WORK TO BE COMPLETED: Search the material for the word "else" and report each line where it turns up.

GIVEN DATA:
lemma gpoly_not_unit:
  assumes "2 \<le> q" "0 < n"
  shows "\<not> (gpoly q n :: 'a::idom mpoly) dvd 1"
proof
  assume "gpoly q n dvd (1 :: 'a mpoly)"
  then obtain b where b: "1 = (gpoly q n :: 'a mpoly) * b" by (auto elim: dvdE)
  then have "b \<noteq> 0" by auto
  obtain mg mb where mg: "pair_order.leading 0 1 0 1 (gpoly q n :: 'a mpoly) mg"
    and mb: "pair_order.leading 0 1 0 1 b mb"
    using pair_order.leading_exists gpoly_nonzero[OF assms] \<open>b \<noteq> 0\<close> by metis
  have "mg + mb \<in> Poly_Mapping.keys (1 :: 'a mpoly)"
    using pair_order.leading_mult[OF mg mb] b unfolding pair_order.leading_def by simp
  then have "mg = 0" by (metis add_is_0 keys_one lookup_add lookup_zero poly_mapping_eqI singletonD)
  moreover have "mg \<in> Poly_Mapping.keys (gpoly q n :: 'a mpoly)"
    using mg unfolding pair_order.leading_def by simp
  then obtain i where "mg = gmon_fst q i \<or> mg = gmon_snd q i"
    using in_keys_gpoly_iff[OF assms(1)] by blast
  then have "Poly_Mapping.lookup mg i \<noteq> 0"
    using assms(1) by (auto simp: lookup_gmon_fst lookup_gmon_snd)
  ultimately show False by simp
qed

lemma irreducible_gpoly:
  assumes "2 \<le> q" "3 \<le> n" "odd n"
  shows "irreducible (gpoly q n :: 'a::field mpoly)"
proof (rule irreducibleI)
  show "(gpoly q n :: 'a mpoly) \<noteq> 0" "\<not> (gpoly q n :: 'a mpoly) dvd 1"
    using gpoly_nonzero[of q n] gpoly_not_unit[of q n] assms by auto
next
  fix a b :: "'a mpoly"
  assume "gpoly q n = a * b"
  then interpret gpoly_factorization q n a b
    using assms by unfold_locales
  show "a dvd 1 \<or> b dvd 1"
    using factor_avoids_all factors_nonzero dvd_one_if_avoids_all by blast
qed

theorem mainTheorem6:
  fixes q n :: nat and g :: "'k::{finite,field} mpoly"
  assumes "odd n" and "card (UNIV :: 'k set) = q" and "g = gpoly q n"
  shows "g \<noteq> 0
    \<and> in_vars n g
    \<and> homogeneous (q + 1) g
    \<and> (\<forall>\<phi> :: 'k \<Rightarrow> 'L::field. ring_hom_fun \<phi> \<longrightarrow>
          smooth_hypersurface n (Poly_Mapping.map \<phi> g))
    \<and> (\<forall>x :: nat \<Rightarrow> 'k. meval g x = 0)
    \<and> (n \<ge> 3 \<longrightarrow> (\<forall>\<phi> :: 'k \<Rightarrow> 'L::field. ring_hom_fun \<phi> \<longrightarrow>
          irreducible_hypersurface (Poly_Mapping.map \<phi> g)))"
proof -
  have q: "2 \<le> q" using two_le_card_UNIV[where 'a='k] assms(2) by simp
  have char: "of_nat q = (0::'k)" using of_nat_card_UNIV[where 'a='k] assms(2) by simp
  have smooth: "smooth_hypersurface n (Poly_Mapping.map \<phi> (gpoly q n))"
    if \<phi>: "ring_hom_fun (\<phi> :: 'k \<Rightarrow> 'L)" for \<phi>
  proof -
    have "of_nat q = (0::'L)" using ring_hom_fun_of_nat[OF \<phi>, of q] \<phi> char by (simp add: ring_hom_fun_def)
    then show ?thesis using smooth_gpoly[OF assms(1) q] map_gpoly[OF \<phi> q] by simp
  qed
  have irreducible: "irreducible_hypersurface (Poly_Mapping.map \<phi> (gpoly q n))"
    if "3 \<le> n" "ring_hom_fun (\<phi> :: 'k \<Rightarrow> 'L)" for \<phi>
    using irreducible_gpoly[OF q that(1) assms(1), where 'a='L] map_gpoly[OF that(2) q]
    by (simp add: irreducible_hypersurface_if_irreducible)
  show ?thesis
    using gpoly_nonzero[OF q odd_pos[OF assms(1)], where 'a='k] in_vars_gpoly[OF q, where 'a='k]
      homogeneous_gpoly[OF q, where 'a='k] meval_gpoly_finite_field[OF assms(2)] smooth irreducible
    unfolding assms(3) by blast
qed
lemma warping_path_set:
  "warping_path i j ps \<Longrightarrow> set ps \<subseteq> {1..i} \<times> {1..j}"
proof (induction ps arbitrary: i j rule: rev_induct)
  case Nil
  then show ?case by (simp add: warping_path_iff)
next
  case (snoc p xs)
  show ?case
  proof (cases "xs = []")
    case True
    then show ?thesis using snoc.prems by (simp add: warping_path_single)
  next
    case False
    then have "p = (i,j)" and xs: "warping_path (fst (last xs)) (snd (last xs)) xs"
      and "warp_step (last xs) p"
      using snoc.prems warping_path_snoc by blast+
    moreover have "last xs \<in> {1..fst (last xs)} \<times> {1..snd (last xs)}"
      using snoc.IH[OF xs] False by auto
    ultimately show ?thesis using snoc.IH[OF xs] unfolding warp_step_def by force
  qed
qed

lemma warping_path_dims: "warping_path i j ps \<Longrightarrow> 1 \<le> i \<and> 1 \<le> j"
  using warping_path_set[of i j ps] by (auto simp: warping_path_iff dest!: last_in_set)

lemma align_mats_dims: "M \<in> align_mats i j \<Longrightarrow> 1 \<le> i \<and> 1 \<le> j"
  unfolding align_mats_def using warping_path_dims by blast

lemma finite_align_mats: "finite (align_mats i j)"
proof (rule finite_subset)
  show "align_mats i j \<subseteq> (\<lambda>S k l. if (k,l) \<in> S then 1 else 0) ` Pow ({1..i} \<times> {1..j})"
  proof
    fix M assume "M \<in> align_mats i j"
    then obtain ps where "warping_path i j ps" "M = path_matrix ps" unfolding align_mats_def by blast
    then show "M \<in> (\<lambda>S k l. if (k,l) \<in> S then 1 else 0) ` Pow ({1..i} \<times> {1..j})"
      using warping_path_set unfolding path_matrix_def by blast
  qed
qed simp

lemma path_matrix_single: "path_matrix [(1,1)] = diag_ext 1 1 (\<lambda>_ _. 0)"
  unfolding path_matrix_def diag_ext_def by (intro ext) auto

lemma path_matrix_snoc_vstack:
  assumes "warping_path c j xs"
  shows "path_matrix (xs @ [(Suc c, j)]) = vstack (Suc c) j (path_matrix xs) (last_unit j)"
  using warping_path_set[OF assms] warping_path_dims[OF assms]
  unfolding path_matrix_def vstack_def last_unit_def by (intro ext) auto

lemma path_matrix_snoc_hstack:
  assumes "warping_path i d xs"
  shows "path_matrix (xs @ [(i, Suc d)]) = hstack i (Suc d) (path_matrix xs) (last_unit i)"
  using warping_path_set[OF assms] warping_path_dims[OF assms]
  unfolding path_matrix_def hstack_def last_unit_def by (intro ext) auto

lemma path_matrix_snoc_diag_ext:
  assumes "warping_path c d xs"
  shows "path_matrix (xs @ [(Suc c, Suc d)]) = diag_ext (Suc c) (Suc d) (path_matrix xs)"
  using warping_path_set[OF assms]
  unfolding path_matrix_def diag_ext_def by (intro ext) auto

lemma path_matrix_snoc_in_align_mats:
  assumes "warping_path c d xs" "warp_step (c,d) (i,j)"
  shows "path_matrix (xs @ [(i,j)]) \<in> align_mats i j"
proof -
  have "xs \<noteq> []" "last xs = (c,d)" using assms(1) by (auto simp: warping_path_iff)
  then have "warping_path i j (xs @ [(i,j)])" using assms by (simp add: warping_path_snoc)
  then show ?thesis unfolding align_mats_def by blast
qed

lemma vstack_in_align_mats:
  "A \<in> align_mats c j \<Longrightarrow> vstack (Suc c) j A (last_unit j) \<in> align_mats (Suc c) j"
proof -
  assume "A \<in> align_mats c j"
  then obtain xs where "warping_path c j xs" "A = path_matrix xs" unfolding align_mats_def by blast
  then show ?thesis using path_matrix_snoc_in_align_mats[of c j xs "Suc c" j]
    by (simp add: path_matrix_snoc_vstack warp_step_def)
qed

lemma hstack_in_align_mats:
  "A \<in> align_mats i d \<Longrightarrow> hstack i (Suc d) A (last_unit i) \<in> align_mats i (Suc d)"
proof -
  assume "A \<in> align_mats i d"
  then obtain xs where "warping_path i d xs" "A = path_matrix xs" unfolding align_mats_def by blast
  then show ?thesis using path_matrix_snoc_in_align_mats[of i d xs i "Suc d"]
    by (simp add: path_matrix_snoc_hstack warp_step_def)
qed

lemma diag_ext_in_align_mats:
  "A \<in> align_mats c d \<Longrightarrow> diag_ext (Suc c) (Suc d) A \<in> align_mats (Suc c) (Suc d)"
proof -
  assume "A \<in> align_mats c d"
  then obtain xs where "warping_path c d xs" "A = path_matrix xs" unfolding align_mats_def by blast
  then show ?thesis using path_matrix_snoc_in_align_mats[of c d xs "Suc c" "Suc d"]
    by (simp add: path_matrix_snoc_diag_ext warp_step_def)
qed
lemma drift_card_complement:
  assumes cg: "connected_graph V E" and r: "1 < r" and S: "S \<subseteq> V" "S \<noteq> {}" "S \<noteq> V"
  shows "(\<Sum>T\<in>Pow V. trans_prob V E r (1/2) S T * (real (card V) - real (card T)))
       \<le> (real (card V) - real (card S)) - (r - 1) / (r * real (card V) ^ 3)"
proof -
  let ?d = "(r - 1) / (r * real (card V) ^ 3)" and ?P = "trans_prob V E r (1/2) S"
  have g: "simple_graph V E" using cg by (rule connected_graph_simple)
  obtain u v where uv: "E u v" "u \<in> S" "v \<notin> S"
    using connected_boundary_edge[OF cg S] .
  have nbrs_ne: "nbrs V E x \<noteq> {}" if "x \<in> V" for x
    using connected_nbrs_nonempty[OF cg that] uv simple_graph_edge_in_V[OF g uv(1)] by metis
  have psi_ge: "?d \<le> psi V E r (1/2) S x y" if "(x, y) \<in> boundary_edges E S" for x y
    using psi_half_ge[OF g r] that by (simp add: boundary_edges_def)
  have "?d \<le> psi V E r (1/2) S u v"
    using psi_ge uv by (simp add: boundary_edges_def)
  also have "\<dots> \<le> (\<Sum>(x, y)\<in>boundary_edges E S. psi V E r (1/2) S x y)"
  proof -
    have "0 \<le> ?d" using r by simp
    then have "0 \<le> psi V E r (1/2) S x y" if "(x, y) \<in> boundary_edges E S" for x y
      using psi_ge[OF that] by linarith
    then show ?thesis
      using member_le_sum[of "(u, v)" "boundary_edges E S" "\<lambda>(x, y). psi V E r (1/2) S x y"]
        uv finite_boundary_edges[OF g] by (force simp: boundary_edges_def)
  qed
  finally have flux: "?d \<le> (\<Sum>(x, y)\<in>boundary_edges E S. psi V E r (1/2) S x y)" .
  have "(\<Sum>T\<in>Pow V. ?P T * (real (card V) - real (card T)))
      = (real (card V) - real (card S)) * (\<Sum>T\<in>Pow V. ?P T)
        - (\<Sum>T\<in>Pow V. ?P T * (real (card T) - real (card S)))"
    by (simp add: sum_distrib_left sum_subtractf[symmetric] algebra_simps)
  also have "\<dots> = (real (card V) - real (card S)) - (\<Sum>(x, y)\<in>boundary_edges E S. psi V E r (1/2) S x y)"
    using sum_trans_prob[OF g S(1) _ nbrs_ne] expected_card_increase[OF g S(1)] r by simp
  finally show ?thesis using flux by linarith
qed
lemma mtm_A_mult_expected_gap_le: "mtm_A CARD('n) N * ((\<integral>\<omega>. f (X N \<omega>) \<partial>M) - f xstar) \<le> EPhi N"
proof -
  have "integrable M (\<lambda>\<omega>. f (X N \<omega>))"
    by (intro integrable_bounded_image_M bounded_f bounded_X) measurable
  then have "mtm_A CARD('n) N * ((\<integral>\<omega>. f (X N \<omega>) \<partial>M) - f xstar)
      = (\<integral>\<omega>. mtm_A CARD('n) N * (f (X N \<omega>) - f xstar) \<partial>M)"
    using prob_space.prob_space[OF prob] prob_space.finite_measure[OF prob]
    by (simp add: right_diff_distrib Bochner_Integration.integral_diff finite_measure.integrable_const)
  also have "\<dots> \<le> EPhi N"
    unfolding EPhi_def using integrable_Phi \<open>integrable M (\<lambda>\<omega>. f (X N \<omega>))\<close> prob_space.finite_measure[OF prob] L_pos
    by (intro integral_mono) (auto simp: Phi_def finite_measure.integrable_const)
  finally show ?thesis .
qed

lemma expected_gap_le:
  fixes N :: nat
  assumes "\<epsilon> > 0" "N \<ge> 1" "P > 0" "EPhi 0 = P^2 / 2"
    and "sqrt 2 * real CARD('n) * P / sqrt \<epsilon> + 1 - 2 * real CARD('n) \<le> real N"
    and "real N < sqrt 2 * real CARD('n) * P / sqrt \<epsilon> + 2 - 2 * real CARD('n)"
    and "\<delta>^2 \<le> \<epsilon> * sqrt \<epsilon> * L / (16 * sqrt 2 * real CARD('n) * P)"
    and "\<delta> \<le> \<epsilon> * sqrt \<epsilon> * sqrt L / (96 * sqrt (real CARD('n)) * P^2)"
  shows "(\<integral>\<omega>. f (X N \<omega>) \<partial>M) - f xstar \<le> 3 * \<epsilon>"
proof -
  note A_N = mtm_horizon_bounds(1)[OF card_ge_1 assms(2,1,3,5,6)]
  have "sqrt (EPhi N) \<le> 21/20 * P"
    using sqrt_EPhi_le[of N] mtm_potential_bound[OF card_ge_1 assms(2) L_pos assms(1,3) delta_nonneg assms(5-)]
    unfolding assms(4) by linarith
  then have "EPhi N \<le> (21/20 * P)^2"
    by (rule sqrt_le_D)
  also have "\<dots> \<le> 3 * \<epsilon> * (P^2 / (2 * \<epsilon>))"
    using \<open>\<epsilon> > 0\<close> by (simp add: power2_eq_square)
  also have "\<dots> \<le> 3 * \<epsilon> * mtm_A CARD('n) N"
    using A_N \<open>\<epsilon> > 0\<close> by (intro mult_left_mono) auto
  finally have "mtm_A CARD('n) N * ((\<integral>\<omega>. f (X N \<omega>) \<partial>M) - f xstar) \<le> mtm_A CARD('n) N * (3 * \<epsilon>)"
    using mtm_A_mult_expected_gap_le[of N] by (simp add: mult.commute)
  moreover have "0 < P^2 / (2 * \<epsilon>)"
    using \<open>\<epsilon> > 0\<close> \<open>P > 0\<close> by simp
  then have "0 < mtm_A CARD('n) N"
    using A_N by linarith
  ultimately show ?thesis
    by simp
qed

end


theorem theorem5:
  fixes f :: "real^'n \<Rightarrow> real" and gradf :: "real^'n \<Rightarrow> real^'n"
    and L :: real and xstar x0 :: "real^'n"
    and M :: "'a measure" and F :: "nat \<Rightarrow> 'a measure"
    and e :: "nat \<Rightarrow> 'a \<Rightarrow> real^'n" and dl :: "nat \<Rightarrow> 'a \<Rightarrow> real"
    and \<delta> \<epsilon> P0 :: real and N :: int
  assumes L_pos: "L > 0"
    and convex: "convex_on UNIV f"
    and grad: "\<And>x. (f has_derivative (\<lambda>h. gradf x \<bullet> h)) (at x)"
    and lip: "\<And>x y. norm (gradf x - gradf y) \<le> L * norm (x - y)"
    and min: "\<And>x. f xstar \<le> f x"
    and prob: "prob_space M"
    and subalg: "\<And>k. subalgebra M (F k)"
    and filt: "\<And>k. sets (F k) \<subseteq> sets (F (Suc k))"
    and e_meas: "\<And>k. e (Suc k) \<in> borel_measurable (F (Suc k))"
    and dl_meas: "\<And>k. dl (Suc k) \<in> borel_measurable (F (Suc k))"
    and e_unit: "\<And>k \<omega>. \<omega> \<in> space M \<Longrightarrow> norm (e (Suc k) \<omega>) = 1"
    and e_cond: "\<And>k i j. AE \<omega> in M.
        real_cond_exp M (F k) (\<lambda>\<omega>. e (Suc k) \<omega> $ i * e (Suc k) \<omega> $ j) \<omega>
          = (if i = j then 1 / real CARD('n) else 0)"
    and dl_bound: "\<And>k \<omega>. \<omega> \<in> space M \<Longrightarrow> \<bar>dl (Suc k) \<omega>\<bar> \<le> \<delta>"
    and P0_def: "P0 = sqrt (2 * (1/2 * (normL L (x0 - xstar))^2
                    + (1 - 1 / real CARD('n)) * (f x0 - f xstar)))"
    and eps_pos: "\<epsilon> > 0"
    and N_def: "N = \<lceil>sqrt 2 * real CARD('n) * P0 / sqrt \<epsilon> + 1 - 2 * real CARD('n)\<rceil>"
    and N_ge: "N \<ge> 1"
    and delta_le: "\<delta> \<le> min (\<epsilon> powr (3/4) * sqrt L / (4 * root 4 2 * sqrt (real CARD('n) * P0)))
                          (\<epsilon> powr (3/2) * sqrt L / (96 * sqrt (real CARD('n)) * P0^2))"
  shows "(\<integral>\<omega>. f (fst (mtm L gradf x0 (\<lambda>k. e k \<omega>) (\<lambda>k. dl k \<omega>) (nat N))) \<partial>M) - f xstar
           \<le> 3 * \<epsilon>"
proof -
  interpret inexact_mtm f gradf L xstar x0 M F e dl \<delta>
    by (rule inexact_mtm.intro) (fact L_pos convex grad lip min prob subalg filt e_meas dl_meas e_unit e_cond dl_bound)+
  define z where "z = sqrt 2 * real CARD('n) * P0 / sqrt \<epsilon> + 1 - 2 * real CARD('n)"
  have "real (nat N) = real_of_int \<lceil>z\<rceil>"
    using N_ge unfolding N_def z_def by simp
  then have lo: "z \<le> real (nat N)" and hi: "real (nat N) < z + 1"
    by linarith+
  have P0_radicand_nonneg: "0 \<le> 1/2 * (normL L (x0 - xstar))^2 + (1 - 1 / real CARD('n)) * (f x0 - f xstar)"
    using min[of x0] card_ge_1 by (simp add: mult_nonneg_nonneg)
  then have EPhi0: "EPhi 0 = P0^2 / 2"
    unfolding P0_def EPhi_0 using L_pos by (simp add: normL_sq)
  have "P0 \<noteq> 0"
  proof
    assume "P0 = 0"
    with hi have "real (nat N) < 2 - 2 * real CARD('n)"
      unfolding z_def by simp
    with N_ge of_nat_mono[OF card_ge_1, where 'a=real] show False
      by linarith
  qed
  moreover have "0 \<le> P0"
    unfolding P0_def using P0_radicand_nonneg by simp
  ultimately have "P0 > 0"
    by simp
  from expected_gap_le[OF eps_pos _ \<open>P0 > 0\<close> EPhi0 lo[unfolded z_def] _
      noise_level_bounds[OF eps_pos L_pos \<open>P0 > 0\<close> delta_nonneg delta_le]]
  show ?thesis
    using N_ge hi unfolding z_def X_def by simp
qed

end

RESULT FOR THIS TASK:
  show "align_mats i j \<subseteq> (\<lambda>S k l. if (k,l) \<in> S then 1 else 0) ` Pow ({1..i} \<times> {1..j})"
    then show "M \<in> (\<lambda>S k l. if (k,l) \<in> S then 1 else 0) ` Pow ({1..i} \<times> {1..j})"
          = (if i = j then 1 / real CARD('n) else 0)"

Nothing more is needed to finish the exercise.